In 404, the user positions a distal end portion (e.g., distal end portion 26) of the medical device at a target site of the subject, such as a kidney. The user may navigate the distal portion through the anatomical curves and/or through one or more body lumens of the subject to the target site.

In 406, one or more sensors coupled to a distal end (e.g., distal end 30) of the distal portion measure one or more parameters and/or patterns at the target site. For example, a temperature sensor (e.g., temperature sensor 42) may measure temperatures at the target site as the user manipulates distal end portion 26 at the target site as part of the medical procedure.

In 408, the medical device determines, based on the one or more measured parameters by the one or more sensors, that a first condition (e.g., a threshold) has been satisfied. For example, a temperature threshold may have been satisfied or exceeded, as shown in FIG. 3.

In 410, upon satisfaction of at least the first condition, the medical device generates haptic feedback. For example, the medical device may generate haptic feedback in a handle portion (e.g., handle 12) of the medical device, and/or may generate haptic feedback in another portion of the medical device or in a remote system (e.g. a wristwatch, glove, chest strap, etc.). The haptic feedback pattern and intensity may be associated with a given condition.

Providing haptic feedback in a medical device allows a user to keep their attention on imaging from the patient and not repeatedly divert their gaze to monitor sensor output data. Systems, devices, and methods of this disclosure may prevent procedural complications, reduce procedure time, and prevent medical professional mistakes during a medical procedure, for example by allowing a user to maintain focus on an imaging monitor and simultaneously become aware of an undesirable condition in the patient, such as a dangerous temperature increase or a dangerous pressure level within the body of the patient.

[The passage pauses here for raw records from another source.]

lemma ratfun_den_minus_bigo_iff:
  fixes f g :: "real \<Rightarrow> real"
  shows "(\<lambda>z. ratfun P (den a s) z - f z) \<in> O[at 0](g) \<longleftrightarrow>
         (\<lambda>z. poly P z - f z * (1 - a*z)^s) \<in> O[at 0](g)"
proof -
  have "eventually (\<lambda>z. a * z < 1) (at (0::real))"
    by real_asymp
  then have near0: "eventually (\<lambda>z. a * z \<noteq> 1) (at (0::real))"
    by eventually_elim simp
  have den_bounded: "(\<lambda>z. (1 - a*z)^s) \<in> O[at (0::real)](\<lambda>_. 1)"
    and inv_den_bounded: "(\<lambda>z. 1 / (1 - a*z)^s) \<in> O[at (0::real)](\<lambda>_. 1)"
    by real_asymp+
  have eq1: "eventually (\<lambda>z. (ratfun P (den a s) z - f z) * (1 - a*z)^s
          = poly P z - f z * (1 - a*z)^s) (at 0)"
    and eq2: "eventually (\<lambda>z. (poly P z - f z * (1 - a*z)^s) * (1 / (1 - a*z)^s)
          = ratfun P (den a s) z - f z) (at 0)"
    using near0 by (eventually_elim, simp add: ratfun_den_eq_divide field_simps)+
  show ?thesis
  proof
    assume "(\<lambda>z. ratfun P (den a s) z - f z) \<in> O[at 0](g)"
    from landau_mult_1_trans(7)[OF this den_bounded]
    show "(\<lambda>z. poly P z - f z * (1 - a*z)^s) \<in> O[at 0](g)"
      using landau_o.big.in_cong[OF eq1] by blast
  next
    assume "(\<lambda>z. poly P z - f z * (1 - a*z)^s) \<in> O[at 0](g)"
    from landau_mult_1_trans(7)[OF this inv_den_bounded]
    show "(\<lambda>z. ratfun P (den a s) z - f z) \<in> O[at 0](g)"
      using landau_o.big.in_cong[OF eq2] by blast
  qed
qed

definition order_cubic :: "real \<Rightarrow> real" where
  "order_cubic a = 24*a^3 - 36*a^2 + 12*a - 1"

text \<open>The Taylor coefficients of order 0, ..., 4 of \<open>e\<^sup>z (1 - a z)\<^sup>3\<close>.\<close>

definition exp_den_coeff :: "real \<Rightarrow> nat \<Rightarrow> real" where
  "exp_den_coeff a i = [1, 1 - 3*a, 1/2 - 3*a + 3*a^2, 1/6 - 3*a/2 + 3*a^2 - a^3,
     1/24 - a/2 + 3*a^2/2 - a^3] ! i"

definition psi_numer :: "real \<Rightarrow> real poly" where
  "psi_numer a = [:1, 1 - 3*a, 1/2 - 3*a + 3*a^2, 1/6 - 3*a/2 + 3*a^2 - a^3:]"

lemma poly_psi_numer:
  "poly (psi_numer a) x
     = 1 + (1 - 3*a)*x + (1/2 - 3*a + 3*a^2)*x^2 + (1/6 - 3*a/2 + 3*a^2 - a^3)*x^3"
  by (simp add: psi_numer_def algebra_simps power2_eq_square power3_eq_cube)

lemma coeff_psi_numer: "coeff (psi_numer a) i = (if i < 4 then exp_den_coeff a i else 0)"
proof -
  consider "i = 0" | "i = 1" | "i = 2" | "i = 3" | "i \<ge> 4" by linarith
  then show ?thesis
  proof cases
    case 5
    then show ?thesis
      by (simp add: psi_numer_def coeff_pCons split: nat.split)
  qed (simp_all add: psi_numer_def exp_den_coeff_def numeral_eq_Suc)
qed

lemma degree_psi_numer: "degree (psi_numer a) \<le> 3"
  by (rule degree_le) (simp add: coeff_psi_numer)

lemma poly_eq_if_degree_le_3:
  fixes P :: "real poly"
  assumes "degree P \<le> 3"
  shows "poly P z = coeff P 0 + coeff P 1 * z + coeff P 2 * z^2 + coeff P 3 * z^3"
proof -
  have "poly P z = (\<Sum>i\<le>degree P. coeff P i * z^i)"
    by (simp add: poly_altdef)
  also have "\<dots> = (\<Sum>i\<le>3. coeff P i * z^i)"
    by (rule sum.mono_neutral_left) (use assms in \<open>auto simp: coeff_eq_0\<close>)
  finally show ?thesis
    by (simp add: numeral_eq_Suc atMost_Suc)
qed

lemma exp_den_residual_bigo:
  fixes P :: "real poly"
  assumes "degree P \<le> 3"
  shows "(\<lambda>z. poly P z - exp z * (1 - a*z)^3 - (\<Sum>i<5. (coeff P i - exp_den_coeff a i) * z^i))
           \<in> O[at 0](\<lambda>z. z^5)"
proof -
  have "coeff P 4 = 0"
    using assms by (simp add: coeff_eq_0)
  then have "poly P z - exp z * (1 - a*z)^3 - (\<Sum>i<5. (coeff P i - exp_den_coeff a i) * z^i)
      = (a/8 - a^2/2 + a^3/2) * z^5 + (a^3/6 - a^2/8) * z^6 + a^3/24 * z^7
        - (exp z - (1 + z + z^2/2 + z^3/6 + z^4/24)) * (1 - a*z)^3" for z
    by (simp add: poly_eq_if_degree_le_3[OF assms] exp_den_coeff_def numeral_eq_Suc)
      (simp add: algebra_simps power2_eq_square power3_eq_cube)
  moreover have "(\<lambda>z::real. (a/8 - a^2/2 + a^3/2) * z^5 + (a^3/6 - a^2/8) * z^6 + a^3/24 * z^7
        - (exp z - (1 + z + z^2/2 + z^3/6 + z^4/24)) * (1 - a*z)^3) \<in> O[at 0](\<lambda>z. z^5)"
    by real_asymp
  ultimately show ?thesis by simp
qed

lemma Pi_hat_3_4_iff: "(P, a) \<in> Pi_hat 3 4 \<longleftrightarrow> order_cubic a = 0 \<and> P = psi_numer a"
proof -
  let ?r = "\<lambda>z. \<Sum>i<5. (coeff P i - exp_den_coeff a i) * z^i"
  have "(P, a) \<in> Pi_hat 3 4 \<longleftrightarrow>
      degree P \<le> 3 \<and> (\<lambda>z. poly P z - exp z * (1 - a*z)^3) \<in> O[at 0](\<lambda>z. z^5)"
    by (simp add: Pi_hat_def ratfun_den_minus_bigo_iff)
  also have "\<dots> \<longleftrightarrow> degree P \<le> 3 \<and> ?r \<in> O[at 0](\<lambda>z. z^5)"
  proof (intro conj_cong refl)
    let ?f = "\<lambda>z. poly P z - exp z * (1 - a*z)^3"
    assume "degree P \<le> 3"
    note residual = exp_den_residual_bigo[OF this, of a]
    show "?f \<in> O[at 0](\<lambda>z. z^5) \<longleftrightarrow> ?r \<in> O[at 0](\<lambda>z. z^5)"
    proof
      assume "?f \<in> O[at 0](\<lambda>z. z^5)"
      from sum_in_bigo(2)[OF this residual] show "?r \<in> O[at 0](\<lambda>z. z^5)" by simp
    next
      assume "?r \<in> O[at 0](\<lambda>z. z^5)"
      from sum_in_bigo(1)[OF residual this] show "?f \<in> O[at 0](\<lambda>z. z^5)" by simp
    qed
  qed
  also have "\<dots> \<longleftrightarrow> degree P \<le> 3 \<and> (\<forall>i<5. coeff P i = exp_den_coeff a i)"
    by (simp add: sum_powers_bigo_at_0_iff)
  also have "\<dots> \<longleftrightarrow> order_cubic a = 0 \<and> P = psi_numer a"
  proof safe
    assume deg: "degree P \<le> 3" and c: "\<forall>i<5. coeff P i = exp_den_coeff a i"
    have "exp_den_coeff a 4 = 0"
      using c deg coeff_eq_0[of P 4] by force
    then show "order_cubic a = 0"
      by (simp add: exp_den_coeff_def order_cubic_def numeral_eq_Suc)
    show "P = psi_numer a"
    proof (rule poly_eqI)
      fix i show "coeff P i = coeff (psi_numer a) i"
        using c deg coeff_eq_0[of P i] by (cases "i < 4") (auto simp: coeff_psi_numer)
    qed
  next
    show "degree (psi_numer a) \<le> 3" by (rule degree_psi_numer)
  next
    fix i :: nat assume "order_cubic a = 0" "i < 5"
    then show "coeff (psi_numer a) i = exp_den_coeff a i"
      by (cases "i < 4") (auto simp: coeff_psi_numer exp_den_coeff_def order_cubic_def
          numeral_eq_Suc less_Suc_eq)
  qed
  finally show ?thesis .
qed

section \<open>Derivatives of \<open>\<psi>\<^sub>a\<close>\<close>

lemma pochhammer_of_nat_Suc_mult_fact:
  "pochhammer (of_nat (Suc m)) k * fact m = (fact (m + k) :: real)"
proof (induction k)
  case (Suc k)
  have "pochhammer (of_nat (Suc m)) (Suc k) * fact m
      = (pochhammer (of_nat (Suc m)) k * fact m) * (of_nat (Suc m) + of_nat k :: real)"
    by (simp add: pochhammer_Suc ac_simps)
  also have "\<dots> = fact (m + k) * (of_nat (Suc m) + of_nat k)"
    using Suc.IH by simp
  also have "\<dots> = fact (m + Suc k)"
    by (simp add: algebra_simps)
  finally show ?case .
qed simp

definition psi_pf_coeff :: "real \<Rightarrow> nat \<Rightarrow> real" where
  "psi_pf_coeff a j = [-21 + 96*a - 72*a^2, 84 - 384*a + 288*a^2, -114 + 516*a - 384*a^2,
     52 - 228*a + 168*a^2] ! j"

lemma sum_lessThan_4: "(\<Sum>j<(4::nat). f j) = f 0 + f 1 + f 2 + (f 3 :: real)"
  by (simp add: numeral_eq_Suc)

lemma psi_numer_partial_fractions:
  assumes "order_cubic a = 0"
  shows "poly (psi_numer a) x = (\<Sum>j<4. psi_pf_coeff a j * (1 - a*x)^(3 - j))"
  using assms unfolding poly_psi_numer sum_lessThan_4 psi_pf_coeff_def order_cubic_def
  by (simp add: numeral_eq_Suc) algebra

lemma ratfun_psi_eq_pfrac_deriv:
  assumes "order_cubic a = 0" and "a * x \<noteq> 1"
  shows "ratfun (psi_numer a) (den a 3) x = pfrac_deriv (psi_pf_coeff a) 4 a 0 x"
proof -
  have u: "1 - a*x \<noteq> 0" using assms(2) by simp
  have "ratfun (psi_numer a) (den a 3) x
      = (\<Sum>j<4. psi_pf_coeff a j * (1 - a*x)^(3 - j) / (1 - a*x)^3)"
    using assms by (simp add: ratfun_den_eq_divide psi_numer_partial_fractions sum_divide_distrib)
  also have "\<dots> = pfrac_deriv (psi_pf_coeff a) 4 a 0 x"
    unfolding pfrac_deriv_def using u
    by (intro sum.cong refl) (auto simp: power_diff field_simps)
  finally show ?thesis .
qed

lemma higher_deriv_ratfun_psi:
  assumes "order_cubic a = 0" and "a * x \<noteq> 1"
  shows "(deriv ^^ k) (ratfun (psi_numer a) (den a 3)) x = pfrac_deriv (psi_pf_coeff a) 4 a k x"
proof -
  have "(deriv ^^ k) (ratfun (psi_numer a) (den a 3)) x
      = (deriv ^^ k) (pfrac_deriv (psi_pf_coeff a) 4 a 0) x"
  proof (rule higher_deriv_cong_open[where S = "{y. a * y \<noteq> 1}"])
    show "open {y. a * y \<noteq> (1::real)}"
      by (intro open_Collect_neq continuous_intros)
  qed (use assms ratfun_psi_eq_pfrac_deriv in auto)
  also have "\<dots> = pfrac_deriv (psi_pf_coeff a) 4 a k x"
    by (rule higher_deriv_pfrac_deriv[OF assms(2)])
  finally show ?thesis .
qed

definition deriv_factor :: "(nat \<Rightarrow> real) \<Rightarrow> nat \<Rightarrow> real \<Rightarrow> real" where
  "deriv_factor c k w
     = c 1 + c 2 * (of_nat k + 1) * w + c 3 * ((of_nat k + 1) * (of_nat k + 2) / 2) * w^2"

text \<open>For \<open>k \<ge> 1\<close> the term \<open>j = 0\<close> vanishes because \<open>pochhammer 0 k = 0\<close>.\<close>

lemma pfrac_deriv_4_eq:
  assumes "a * x \<noteq> 1" and "k \<noteq> 0"
  shows "pfrac_deriv c 4 a k x
    = a^k * fact k * (1/(1 - a*x))^(k+1) * deriv_factor c k (1/(1 - a*x))"
proof -
  define w where "w = 1/(1 - a*x)"
  obtain m where k: "k = Suc m" using assms(2) by (cases k) auto
  have inv: "d/(1 - a*x)^n = d * w^n" for d n
    by (simp add: w_def power_one_over divide_inverse power_inverse)
  have p1: "pochhammer 1 (Suc m) = (fact (Suc m) :: real)"
    and p2: "pochhammer 2 (Suc m) = (fact (Suc m) * (of_nat m + 2) :: real)"
    and p3: "pochhammer 3 (Suc m) = (fact (Suc m) * ((of_nat m + 2) * (of_nat m + 3) / 2) :: real)"
    using pochhammer_of_nat_Suc_mult_fact[of 0 "Suc m"] pochhammer_of_nat_Suc_mult_fact[of 1 "Suc m"]
      pochhammer_of_nat_Suc_mult_fact[of 2 "Suc m"]
    by (simp_all add: eq_divide_eq fact_Suc algebra_simps numeral_eq_Suc)
  have "pfrac_deriv c 4 a (Suc m) x
      = c 1 * a^Suc m * fact (Suc m) * w^(m+2)
        + c 2 * a^Suc m * (fact (Suc m) * (of_nat m + 2)) * w^(m+3)
        + c 3 * a^Suc m * (fact (Suc m) * ((of_nat m + 2) * (of_nat m + 3) / 2)) * w^(m+4)"
    unfolding pfrac_deriv_def sum_lessThan_4 inv
    by (simp add: pochhammer_0_left p1 p2 p3 numeral_eq_Suc)
  also have "\<dots> = a^Suc m * fact (Suc m) * w^(m+2) * deriv_factor c (Suc m) w"
    unfolding deriv_factor_def by (simp add: power_add power2_eq_square power3_eq_cube
        numeral_eq_Suc algebra_simps)
  finally show ?thesis by (simp add: w_def k)
qed

lemma psi_pf_coeff_simps:
  "psi_pf_coeff a 1 = 84 - 384*a + 288*a^2"
  "psi_pf_coeff a 2 = -114 + 516*a - 384*a^2"
  "psi_pf_coeff a 3 = 52 - 228*a + 168*a^2"
  by (simp_all add: psi_pf_coeff_def numeral_eq_Suc)

lemma quadratic_nonneg_beyond:
  fixes A B C w0 w :: real
  assumes "0 \<le> C" and "w0 \<le> w" and "0 \<le> A + B*w0 + C*w0^2" and "0 \<le> B + 2*C*w0"
  shows "0 \<le> A + B*w + C*w^2"
proof -
  have "A + B*w + C*w^2 = (A + B*w0 + C*w0^2) + (w - w0) * (B + C*(w + w0))"
    by (simp add: algebra_simps power2_eq_square)
  moreover have "C*(2*w0) \<le> C*(w + w0)"
    using assms(1,2) by (intro mult_left_mono) simp_all
  then have "0 \<le> (w - w0) * (B + C*(w + w0))"
    using assms(2,4) by simp
  ultimately show ?thesis
    using assms(3) by linarith
qed

lemma deriv_factor_nonneg:
  assumes "3929/100 \<le> c 1" "-5388/100 \<le> c 2" "c 2 \<le> 0" "2540/100 \<le> c 3"
    and w: "7/10 \<le> w" and k: "1 \<le> k"
  shows "0 \<le> deriv_factor c k w"
proof -
  define c1 c2 c3 where "c1 = c 1" and "c2 = c 2" and "c3 = c 3"
  have c: "3929/100 \<le> c1" "-5388/100 \<le> c2" "c2 \<le> 0" "2540/100 \<le> c3"
    using assms(1-4) by (simp_all add: c1_def c2_def c3_def)
  have factor: "deriv_factor c k w
      = c1 + (of_nat k + 1) * c2 * w + ((of_nat k + 1) * (of_nat k + 2) / 2) * c3 * w^2"
    by (simp add: deriv_factor_def c1_def c2_def c3_def)
  consider "k = 1" | "k = 2" | "k = 3" | "k = 4" | "k \<ge> 5" using k by linarith
  then show ?thesis
  proof cases
    case 1
    have square: "3*c3*(c1 + 2*c2*w + 3*c3*w^2) = (3*c3*w + c2)^2 + (3*(c1*c3) - c2^2)"
      by algebra
    have "(3929/100)*(2540/100) \<le> c1*c3" using c by (intro mult_mono) auto
    moreover have "(-c2)^2 \<le> (5388/100)^2" using c by (intro power_mono) auto
    ultimately have "0 < 3*(c1*c3) - c2^2" by (simp add: power2_eq_square)
    then have "0 < 3*c3*(c1 + 2*c2*w + 3*c3*w^2)" unfolding square
      by (metis add_nonneg_pos zero_le_power2)
    then have "0 < c1 + 2*c2*w + 3*c3*w^2" using c by (simp add: zero_less_mult_iff)
    then show ?thesis unfolding factor using 1 by simp
  next
    case 2
    have "0 \<le> c1 + (3*c2)*w + (6*c3)*w^2"
      by (rule quadratic_nonneg_beyond[OF _ w]) (use c in \<open>simp_all add: power2_eq_square\<close>)
    then show ?thesis unfolding factor using 2 by simp
  next
    case 3
    have "0 \<le> c1 + (4*c2)*w + (10*c3)*w^2"
      by (rule quadratic_nonneg_beyond[OF _ w]) (use c in \<open>simp_all add: power2_eq_square\<close>)
    then show ?thesis unfolding factor using 3 by simp
  next
    case 4
    have "0 \<le> c1 + (5*c2)*w + (15*c3)*w^2"
      by (rule quadratic_nonneg_beyond[OF _ w]) (use c in \<open>simp_all add: power2_eq_square\<close>)
    then show ?thesis unfolding factor using 4 by simp
  next
    case 5
    define K where "K = (of_nat k :: real)"
    have "deriv_factor c k w = c1 + ((K + 1) * w) * (c2 + ((K + 2) / 2) * (c3 * w))"
      unfolding factor K_def by (simp add: algebra_simps power2_eq_square)
    moreover have "7/2 * (2540/100 * (7/10)) \<le> ((K + 2) / 2) * (c3 * w)"
      using c w 5 by (intro mult_mono) (auto simp: K_def)
    then have "0 \<le> ((K + 1) * w) * (c2 + ((K + 2) / 2) * (c3 * w))"
      using c w by (simp add: K_def)
    ultimately show ?thesis using c by linarith
  qed
qed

While principles of this disclosure are described herein with the reference to illustrative examples in a particular context and for particular medical procedures, it should be understood that the disclosure is not limited thereto. Those having ordinary skill in the art and access to the teachings provided herein will recognize additional modifications, applications, and substitution of equivalents all fall within the scope of the examples described herein. Accordingly, the invention is not to be considered as limited by the foregoing description.